İzmir’in altyapı sorunları da olduğunu hatırlatan Tugay, “Bütün şehirlerin aslında altyapı sorunu var. Büyük şehirlerde böyle 4,5 milyonluk bir şehirde altyapı sorunu olmaması mümkün değil. Sürekli ve devamlı bir altyapı çalışmasının yürümesi lazım. Bir yenileme gerekiyor, beraberinde kapasite artırımı gerekiyor. Bununla ilgili zaten şu andaki büyükşehir belediyemiz epey çalışma yaptı, mesafe yaptı, onların bıraktığı yerden mümkünse biraz daha hızlandırarak, nerede arıtma eksikse, nerede kanal kapasitesinin artırılması gerekiyorsa bununla ilgili çalışma da yapılacak. Yağmur yağıyor hava kötü oluyor, deniz yükseliyor, Alsancak’ta ya da Karşıyaka yelken kulübünün orada deniz taşıyor ve şehri su basıyor. Bununla ilgili yapılacak şey belli. 6 ay gibi bir sürede yapılacak, ondan sonra asla böyle bir problem olmayacak. Bir zamanlar Mavişehir’de bu problem yaşanıyordu, yapılan kıyı seti, ki bunda benim de katkım vardır, orada yaşanan ilk baskında anladım ki deniz durdurulamıyor, deniz yükseliyor ve Mavişehir’in zemini daha aşağıda olduğu için bu baskının önlenmesinin tek yolu denizin önüne set yapılması. Onun gibi düşünüp bir sefer yapıldığında bir daha bu sorun yaşanmayacak” dedi.
25 bin yeni konut
İzmir’in toplu konut ve kentsel dönüşüm konusunda çok başarılı bir geçmişi ve kültürü olduğunu ifade eden Tugay, şöyle konuştu: “Bu dönemde bizim tekrar o eski kararlılıkla benzer projeleri hayata geçirmememiz için hiçbir neden yok.
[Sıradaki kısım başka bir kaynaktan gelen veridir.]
(* Let $N_k\Rightarrow_{\mathrm{MO}}^* N_{k+l}$ be a sequence of Monadic transformations that removes exactly all occurrences of atoms $P(t_1,\dots,t_n)$ (for a fixed non-monadic $n$-ary predicate $P$) and replaces them by the atoms $T(f_P(t_1,\dots,t_n))$. If $N^\bot_{k+l}$ is a conflicting core of $N_{k+l}$, then there exists a conflicting core of $N_k$.
   Context: First-order logic without equality. A clause is a finite multiset of literals written $\Gamma \rightarrow \Delta$. A Herbrand interpretation is a set of ground atoms; $I \models \Gamma\rightarrow\Delta$ iff for every grounding substitution $\sigma$, $\Delta\sigma\cap I\neq\emptyset$ or $\Gamma\sigma\not\subseteq I$; a clause set is satisfiable if some Herbrand interpretation satisfies all its clauses. A finite clause set $N^\bot$ is a conflicting core if for every substitution $\tau$ grounding all of $N^\bot$ (one substitution for the whole set, so variables are shared among clauses) the set $N^\bot\tau$ is unsatisfiable. $N^\bot$ is a conflicting core of $N$ if moreover every $C\in N^\bot$ equals $C'\sigma$ for some $C'\in N$ and substitution $\sigma$. Monadic transformation: with a fixed monadic predicate $T$ and function symbol $f_P$, both fresh, replace an occurrence of the atom $P(t_1,\dots,t_n)$, $n>1$, in a clause by $T(f_P(t_1,\dots,t_n))$. *)

theory Defs
  imports Main "HOL-Library.Multiset"
begin

datatype ('f, 'v) fterm = Var 'v | Fun 'f "('f, 'v) fterm list"

datatype ('p, 'f, 'v) atom = Atom 'p "('f, 'v) fterm list"

text \<open>A clause \<open>\<Gamma> \<rightarrow> \<Delta>\<close> is a pair of finite multisets of atoms (antecedent, succedent).\<close>
type_synonym ('p, 'f, 'v) clause = "('p, 'f, 'v) atom multiset \<times> ('p, 'f, 'v) atom multiset"

fun term_vars :: "('f, 'v) fterm \<Rightarrow> 'v set" where
  "term_vars (Var x) = {x}"
| "term_vars (Fun f ts) = (\<Union>t\<in>set ts. term_vars t)"

fun term_funs :: "('f, 'v) fterm \<Rightarrow> 'f set" where
  "term_funs (Var x) = {}"
| "term_funs (Fun f ts) = insert f (\<Union>t\<in>set ts. term_funs t)"

fun term_subst :: "('v \<Rightarrow> ('f, 'v) fterm) \<Rightarrow> ('f, 'v) fterm \<Rightarrow> ('f, 'v) fterm" where
  "term_subst \<sigma> (Var x) = \<sigma> x"
| "term_subst \<sigma> (Fun f ts) = Fun f (map (term_subst \<sigma>) ts)"

definition ground_term :: "('f, 'v) fterm \<Rightarrow> bool" where
  "ground_term t \<longleftrightarrow> term_vars t = {}"

fun atom_pred :: "('p, 'f, 'v) atom \<Rightarrow> 'p" where
  "atom_pred (Atom p ts) = p"

fun atom_vars :: "('p, 'f, 'v) atom \<Rightarrow> 'v set" where
  "atom_vars (Atom p ts) = (\<Union>t\<in>set ts. term_vars t)"

fun atom_funs :: "('p, 'f, 'v) atom \<Rightarrow> 'f set" where
  "atom_funs (Atom p ts) = (\<Union>t\<in>set ts. term_funs t)"

fun atom_subst :: "('v \<Rightarrow> ('f, 'v) fterm) \<Rightarrow> ('p, 'f, 'v) atom \<Rightarrow> ('p, 'f, 'v) atom" where
  "atom_subst \<sigma> (Atom p ts) = Atom p (map (term_subst \<sigma>) ts)"

definition ground_atom :: "('p, 'f, 'v) atom \<Rightarrow> bool" where
  "ground_atom A \<longleftrightarrow> atom_vars A = {}"

definition clause_atoms :: "('p, 'f, 'v) clause \<Rightarrow> ('p, 'f, 'v) atom set" where
  "clause_atoms C = set_mset (fst C) \<union> set_mset (snd C)"

definition clause_vars :: "('p, 'f, 'v) clause \<Rightarrow> 'v set" where
  "clause_vars C = (\<Union>A\<in>clause_atoms C. atom_vars A)"

definition clause_subst :: "('v \<Rightarrow> ('f, 'v) fterm) \<Rightarrow> ('p, 'f, 'v) clause \<Rightarrow> ('p, 'f, 'v) clause" where
  "clause_subst \<sigma> C = (image_mset (atom_subst \<sigma>) (fst C), image_mset (atom_subst \<sigma>) (snd C))"

definition clauses_vars :: "('p, 'f, 'v) clause set \<Rightarrow> 'v set" where
  "clauses_vars N = (\<Union>C\<in>N. clause_vars C)"

definition clauses_preds :: "('p, 'f, 'v) clause set \<Rightarrow> 'p set" where
  "clauses_preds N = (\<Union>C\<in>N. atom_pred ` clause_atoms C)"

definition clauses_funs :: "('p, 'f, 'v) clause set \<Rightarrow> 'f set" where
  "clauses_funs N = (\<Union>C\<in>N. \<Union>A\<in>clause_atoms C. atom_funs A)"

definition grounding_on :: "'v set \<Rightarrow> ('v \<Rightarrow> ('f, 'v) fterm) \<Rightarrow> bool" where
  "grounding_on V \<sigma> \<longleftrightarrow> (\<forall>x\<in>V. ground_term (\<sigma> x))"

definition herbrand_interp :: "('p, 'f, 'v) atom set \<Rightarrow> bool" where
  "herbrand_interp I \<longleftrightarrow> (\<forall>A\<in>I. ground_atom A)"

definition models_clause :: "('p, 'f, 'v) atom set \<Rightarrow> ('p, 'f, 'v) clause \<Rightarrow> bool" where
  "models_clause I C \<longleftrightarrow>
     (\<forall>\<sigma>. grounding_on (clause_vars C) \<sigma> \<longrightarrow>
        (set_mset (snd (clause_subst \<sigma> C)) \<inter> I \<noteq> {}
         \<or> \<not> set_mset (fst (clause_subst \<sigma> C)) \<subseteq> I))"

definition satisfiable :: "('p, 'f, 'v) clause set \<Rightarrow> bool" where
  "satisfiable N \<longleftrightarrow> (\<exists>I. herbrand_interp I \<and> (\<forall>C\<in>N. models_clause I C))"

definition conflicting_core :: "('p, 'f, 'v) clause set \<Rightarrow> bool" where
  "conflicting_core Nb \<longleftrightarrow> finite Nb \<and>
     (\<forall>\<tau>. grounding_on (clauses_vars Nb) \<tau> \<longrightarrow> \<not> satisfiable (clause_subst \<tau> ` Nb))"

definition conflicting_core_of :: "('p, 'f, 'v) clause set \<Rightarrow> ('p, 'f, 'v) clause set \<Rightarrow> bool" where
  "conflicting_core_of Nb N \<longleftrightarrow> conflicting_core Nb \<and>
     (\<forall>C\<in>Nb. \<exists>C'\<in>N. \<exists>\<sigma>. C = clause_subst \<sigma> C')"

definition mo_clause_step :: "'p \<Rightarrow> nat \<Rightarrow> 'p \<Rightarrow> 'f \<Rightarrow> ('p, 'f, 'v) clause \<Rightarrow> ('p, 'f, 'v) clause \<Rightarrow> bool" where
  "mo_clause_step P n T fP C C' \<longleftrightarrow> 1 < n \<and>
     (\<exists>ts. length ts = n \<and>
        ((Atom P ts \<in># fst C \<and>
          C' = (fst C - {#Atom P ts#} + {#Atom T [Fun fP ts]#}, snd C)) \<or>
         (Atom P ts \<in># snd C \<and>
          C' = (fst C, snd C - {#Atom P ts#} + {#Atom T [Fun fP ts]#}))))"

definition mo_step :: "'p \<Rightarrow> nat \<Rightarrow> 'p \<Rightarrow> 'f \<Rightarrow> ('p, 'f, 'v) clause set \<Rightarrow> ('p, 'f, 'v) clause set \<Rightarrow> bool" where
  "mo_step P n T fP N N' \<longleftrightarrow>
     (\<exists>C\<in>N. \<exists>C'. mo_clause_step P n T fP C C' \<and> N' = (N - {C}) \<union> {C'})"

end

theory Submission
  imports Defs
begin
Ege Koop Başkanı Hüseyin bey ile konuşurken sağ olsun o da söylemişti; bu dönem en az 25 bin yeni sosyal konutu belediye işbirliği ile yapmamamız, insanlara makul fiyatlarla bu konutları sunmamamız için hiçbir neden yok. Beraberinde bazı bölgelerde alacağımız revizyon plan kararlarıyla kentsel dönüşümün önünü açmamak, hızlandırmamak için yine elimizi, kolumuzu tutan hiçbir şey yok. Bunlar da yapılır. İzmir’in kendi kentsel dönüşüm, toplu konut kültürü çerçevesinde herhangi birine rant sağlamadan, yandaşlara özel fırsatlar sunmadan, sadece ve sadece halkın çıkarını düşündüğümüz modellerle, belediye de her anlamda üzerine düşeni yaparak uygun fiyatla alan sağlayacak, altyapısını, ulaşımını sağlayacak. Daha önce İzmir’in belediyelerinin defalarca yaptığı gibi bu dönemde de insanlarımıza yeni konutlar yapabiliriz, kentsel dönüşüm konusunda da üzerimize düşeni yapabiliriz. Bunlar zannediyorum biraz fikir vermiştir.”
“Çöpü, yakma tesisi ile halledeceğiz”
“Harmandalı’na çöp dökmek istemiyoruz” diyen Tugay, “Bütün dünyanın yaptığını yapacağız, bu çöpü yakarak yok edeceğiz. Bir yakma tesisi ile bu çöpü yok edeceğiz. Türkiye’de başarılı örnekleri var, dünyanın uluslararası finans kuruluşları bu konuda bizlere kaynak sağlamaya hazır. Çünkü zaten o yakmayla elde ettiğiniz elektrik aynı zamanda kendi maliyetini karşılıyor. Böyle bir avantajı var. Dolayısıyla çözüm yolu belli. En hızlı şekilde böyle bir tesis kurarak çöp konusunu da halledeceğiz. Bir sürü şeyi burada anlattım. Ama şunu söyleyeyim ben doktorum, ben bilim insanıyım. Ben bilime inanırım. Eğer bize bu işleri bilenler, bilgi, tecrübe sahibi olanlar, bilim insanları yol gösteriyorsa ki bu İzmir’de bu var, Türkiye’de bu var. ya da bilginin olduğu her neresiyse biz oraya gidebiliyorsak, yakında bazı yurtdışı ziyaretleri yapmayı planlıyorum, şimdiden İzmir adına bazı sözler almayı planlıyorum. Bunu yapabilirsek eğer ondan sonra önümüzde çözülmeyecek hiçbir şey yok” açıklamasında bulundu.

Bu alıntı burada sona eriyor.